Charge and spin pumping in quantum wires by a time-dependent periodic magnetic field

Abstract

Spin pumping through a quantum wire is considered in the tight binding approximation. With applying time-dependent periodic magnetic field on two sits of the quantum wire and by introducing the Ricatti operator in the Hilbert space of the sideband states (Floquet states), the Ricatti equation for a quantum wire driven by a time-periodic magnetic field is driven. Then, a recursive method is developed for numerical calculation of the Floquet scattering matrix by expressing the right and left transmission and reflection operators in terms of the Ricatti operator for electrons with spin up or down.
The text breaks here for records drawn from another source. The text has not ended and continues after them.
lemma forest_leaf_gf_depth_sum:
  "forest_leaf_gf depth_sum = (leaf_gf depth_sum + leaf_gf card) * forest_leaf_gf (\<lambda>_. 1)
     + leaf_gf (\<lambda>_. 1) * forest_leaf_gf depth_sum"
proof -
  have "forest_leaf_gf depth_sum =
      cons_forest_gf (\<lambda>t ts. real (depth_sum (leaves t)) + real (card (leaves t))
        + real (depth_sum (forest_leaves ts)))"
    by (simp add: forest_leaf_gf_split Cons0_shift_head_simps)
  then show ?thesis
    by (simp only: cons_forest_gf_leaf_simps) (simp add: algebra_simps)
qed

lemma forest_leaf_gf_dist_sum:
  "forest_leaf_gf dist_sum = leaf_gf dist_sum * forest_leaf_gf (\<lambda>_. 1)
     + leaf_gf (\<lambda>_. 1) * forest_leaf_gf dist_sum
     + 2 * ((leaf_gf depth_sum + leaf_gf card) * forest_leaf_gf card + leaf_gf card * forest_leaf_gf depth_sum)"
proof -
  have "forest_leaf_gf dist_sum =
      cons_forest_gf (\<lambda>t ts. real (dist_sum (leaves t)) + real (dist_sum (forest_leaves ts))
        + 2 * (real (depth_sum (leaves t)) * real (card (forest_leaves ts))
          + real (card (leaves t)) * real (card (forest_leaves ts))
          + real (card (leaves t)) * real (depth_sum (forest_leaves ts))))"
    by (simp add: forest_leaf_gf_split Cons0_shift_head_simps algebra_simps)
  then show ?thesis
    by (simp only: cons_forest_gf_leaf_simps) (simp add: numeral_fps_const algebra_simps)
qed

lemma leaf_gf_one_root: "leaf_gf (\<lambda>_. 1) = fps_X * forest_leaf_gf (\<lambda>_. 1)"
  using leaf_gf_root[of "\<lambda>_. 1"] by simp

lemma leaf_gf_card_root: "leaf_gf card = fps_X + fps_X * forest_leaf_gf card"
  using leaf_gf_root[of card] by (simp add: algebra_simps)
text \<open>Along the free coordinate a, swapping it with the implicit last coordinate is the
  reflection y \<mapsto> s - y, where s is 1 minus the other free coordinates; Lebesgue measure
  is invariant under it.\<close>

lemma nn_integral_simplex_extend_transpose_last:
  assumes a: "a < K - 1" and "g \<in> borel_measurable (lborel_PiM K)"
  shows "(\<integral>\<^sup>+x. g (simplex_extend K x) \<partial>lborel_PiM (K - 1)) =
    (\<integral>\<^sup>+x. g (simplex_extend K x \<circ> Transposition.transpose a (K - 1)) \<partial>lborel_PiM (K - 1))"
proof -
  interpret product_sigma_finite "\<lambda>_::nat. lborel :: real measure" by standard
  define I where "I = {..<K - 1} - {a}"
  have ins: "{..<K - 1} = insert a I" and "a \<notin> I" "finite I" using a by (auto simp: I_def)
  have t: "(\<lambda>\<theta>. \<theta> \<circ> Transposition.transpose a (K - 1)) \<in> lborel_PiM K \<rightarrow>\<^sub>M lborel_PiM K"
    using a by (intro comp_transpose_measurable) auto
  have flip: "simplex_extend K (x(a := y)) \<circ> Transposition.transpose a (K - 1) =
      simplex_extend K (x(a := (1 - sum x I) + (-1) * y))" for x y
  proof -
    have sum_upd: "sum (x(a := y)) {..<K - 1} = y + sum x I"
      unfolding ins using \<open>a \<notin> I\<close> \<open>finite I\<close> by (auto simp: sum.insert_if intro!: sum.cong)
    show ?thesis
      unfolding simplex_extend_comp_transpose_last[OF a] fun_upd_upd sum_upd by (simp add: algebra_simps)
  qed
  have m1: "(\<lambda>x. g (simplex_extend K x)) \<in> borel_measurable (lborel_PiM (K - 1))"
    and m2: "(\<lambda>x. g (simplex_extend K x \<circ> Transposition.transpose a (K - 1)))
      \<in> borel_measurable (lborel_PiM (K - 1))"
    by (rule measurable_compose[OF simplex_extend_measurable assms(2)],
        rule measurable_compose[OF measurable_compose[OF simplex_extend_measurable t] assms(2)])
  have fiber: "(\<integral>\<^sup>+y. g (simplex_extend K (x(a := y))) \<partial>lborel) =
      (\<integral>\<^sup>+y. g (simplex_extend K (x(a := y)) \<circ> Transposition.transpose a (K - 1)) \<partial>lborel)"
    if x: "x \<in> space (PiM I (\<lambda>_. lborel))" for x
  proof -
    have "(\<lambda>y. g (simplex_extend K (x(a := y)))) \<in> borel_measurable borel"
      using measurable_comp[OF measurable_component_update[OF x \<open>a \<notin> I\<close>] m1[unfolded ins]]
      by (simp add: comp_def)
    from nn_integral_real_affine[OF this, of "-1" "1 - sum x I"]
    show ?thesis unfolding flip by simp
  qed
  have "(\<integral>\<^sup>+x. g (simplex_extend K x) \<partial>lborel_PiM (K - 1)) =
      (\<integral>\<^sup>+x. \<integral>\<^sup>+y. g (simplex_extend K (x(a := y))) \<partial>lborel \<partial>PiM I (\<lambda>_. lborel))"
    unfolding ins by (rule product_nn_integral_insert[OF \<open>finite I\<close> \<open>a \<notin> I\<close> m1[unfolded ins]])
  also have "\<dots> = (\<integral>\<^sup>+x. \<integral>\<^sup>+y. g (simplex_extend K (x(a := y)) \<circ> Transposition.transpose a (K - 1))
      \<partial>lborel \<partial>PiM I (\<lambda>_. lborel))"
    by (rule nn_integral_cong) (rule fiber)
  also have "\<dots> = (\<integral>\<^sup>+x. g (simplex_extend K x \<circ> Transposition.transpose a (K - 1)) \<partial>lborel_PiM (K - 1))"
    unfolding ins by (rule product_nn_integral_insert[symmetric, OF \<open>finite I\<close> \<open>a \<notin> I\<close> m2[unfolded ins]])
  finally show ?thesis .
qed
lemma increment_le_iff_no_jump_outside_badset:
  assumes \<omega>: "\<omega> \<in> space M - badset v u h" and u: "0 \<le> u" and h: "0 < h" and v: "0 < v"
    and ah: "a * h \<le> 1/8"
  shows "\<bar>X (u+h) \<omega> - X u \<omega>\<bar> \<le> v \<longleftrightarrow> real (N (u+h) \<omega>) - real (N u \<omega>) = 0"
proof (rule increment_le_iff_no_jump[where Xf="\<lambda>s. X s \<omega>" and Wf="\<lambda>s. W s \<omega>" and Nf="\<lambda>s. N s \<omega>"
      and Zf="\<lambda>k. Z k \<omega>" and u=u and h=h and v=v and a=a and \<sigma>=\<sigma>])
  from \<omega> have \<omega>M: "\<omega> \<in> space M" by simp
  show "\<And>s. 0 \<le> s \<Longrightarrow> X s \<omega> = X 0 \<omega> - a * integral {0..s} (\<lambda>r. X r \<omega>) + (\<sigma> * W s \<omega> + (\<Sum>k\<in>{1..N s \<omega>}. Z k \<omega>))"
    "\<And>s. 0 \<le> s \<Longrightarrow> (\<lambda>r. X r \<omega>) integrable_on {0..s}"
    "continuous_on {0..} (\<lambda>t. W t \<omega>)" "\<And>s t. 0 \<le> s \<Longrightarrow> s \<le> t \<Longrightarrow> N s \<omega> \<le> N t \<omega>"
    using X_sde[OF \<omega>M] X_int[OF \<omega>M] brownian_continuous_paths[OF brownian \<omega>M]
      poisson_mono[OF poisson \<omega>M] by blast+
  from \<omega> have nb: "\<omega> \<notin> badset v u h" by simp
  have n1: "\<bar>X u \<omega>\<bar> \<le> v / (16 * a * h)"
    using nb \<omega>M unfolding badset_def by (simp add: not_less)
  have "\<not> ennreal (v\<^sup>2 / (256 * a\<^sup>2 * h)) \<le>
      ennreal (\<sigma>\<^sup>2) * (\<integral>\<^sup>+s. ennreal (indicator {u..u+h} s * (W s \<omega> - W u \<omega>)\<^sup>2) \<partial>lborel)"
    using nb \<omega>M unfolding badset_def by blast
  moreover have "v\<^sup>2 / (256 * a\<^sup>2 * h) = (v / (16 * a))\<^sup>2 / h"
    by (simp add: power_divide power_mult_distrib)
  ultimately have n2: "ennreal (\<sigma>\<^sup>2) * (\<integral>\<^sup>+s. ennreal (indicator {u..u+h} s * (W s \<omega> - W u \<omega>)\<^sup>2) \<partial>lborel)
      < ennreal ((v / (16 * a))\<^sup>2 / h)"
    by (simp add: not_le)
  have n3: "\<bar>\<sigma>\<bar> * \<bar>W (u+h) \<omega> - W u \<omega>\<bar> \<le> v/8"
    using nb \<omega>M unfolding badset_def by (simp add: not_less)
  have n4: "\<not> 2 \<le> N (u+h) \<omega> - N u \<omega>"
    and n5: "\<not> (N (u+h) \<omega> - N u \<omega> = 1 \<and> Z (N u \<omega> + 1) \<omega> \<in> {- 2 * v <..< 2 * v})"
    using nb \<omega>M unfolding badset_def by blast+
  show "a * h * \<bar>X u \<omega>\<bar> \<le> v/16"
    using mult_left_mono[OF n1, of "a * h"] a_pos h by simp
  have "\<bar>\<sigma>\<bar> * integral {u..u+h} (\<lambda>s. \<bar>W s \<omega> - W u \<omega>\<bar>) < v / (16 * a)"
    using u h v a_pos brownian_continuous_paths[OF brownian \<omega>M]
    by (intro integral_abs_less_of_nn_integral_square[OF _ h _ n2] continuous_intros)
      (auto elim: continuous_on_subset)
  thus "a * \<bar>\<sigma>\<bar> * integral {u..u+h} (\<lambda>s. \<bar>W s \<omega> - W u \<omega>\<bar>) \<le> v/16"
    using a_pos by (simp add: field_simps)
  show "\<bar>\<sigma>\<bar> * \<bar>W (u+h) \<omega> - W u \<omega>\<bar> \<le> v/8" by (fact n3)
  show "N (u+h) \<omega> \<le> N u \<omega> + 1" using n4 by simp
  show "N (u+h) \<omega> = N u \<omega> + 1 \<Longrightarrow> 2 * v \<le> \<bar>Z (N u \<omega> + 1) \<omega>\<bar>" using n5 by auto
qed (use u h a_pos v ah in auto)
By using this method, the dependences of the two components of the pumped spin current, i.e., the spin up and down pumped currents, and also the total pumped spin current and the charge pumped current on phase difference are evaluated; we have the equal and opposite directions of spin up and spin down currents for any phase difference, and, as a result, a total amplified spin current and a vanishing charge current. All kinds of the pumped currents for the asymmetric cases are nonzero for phase difference equal zero or $\ensuremath{\pi}$, while they are zero for the symmetric cases. The dependences of total pumped spin current on driving frequency at zero and nonzero phase differences are investigated, and it is shown that the pumped spin current is quadratic in driving frequency. Finally, we show that all kinds of the pumped currents as a function of the wire-lead coupling show a sign reversal, which, in the viewpoint of theoretical physics, we can build a spintronic rectifier in nanoscale.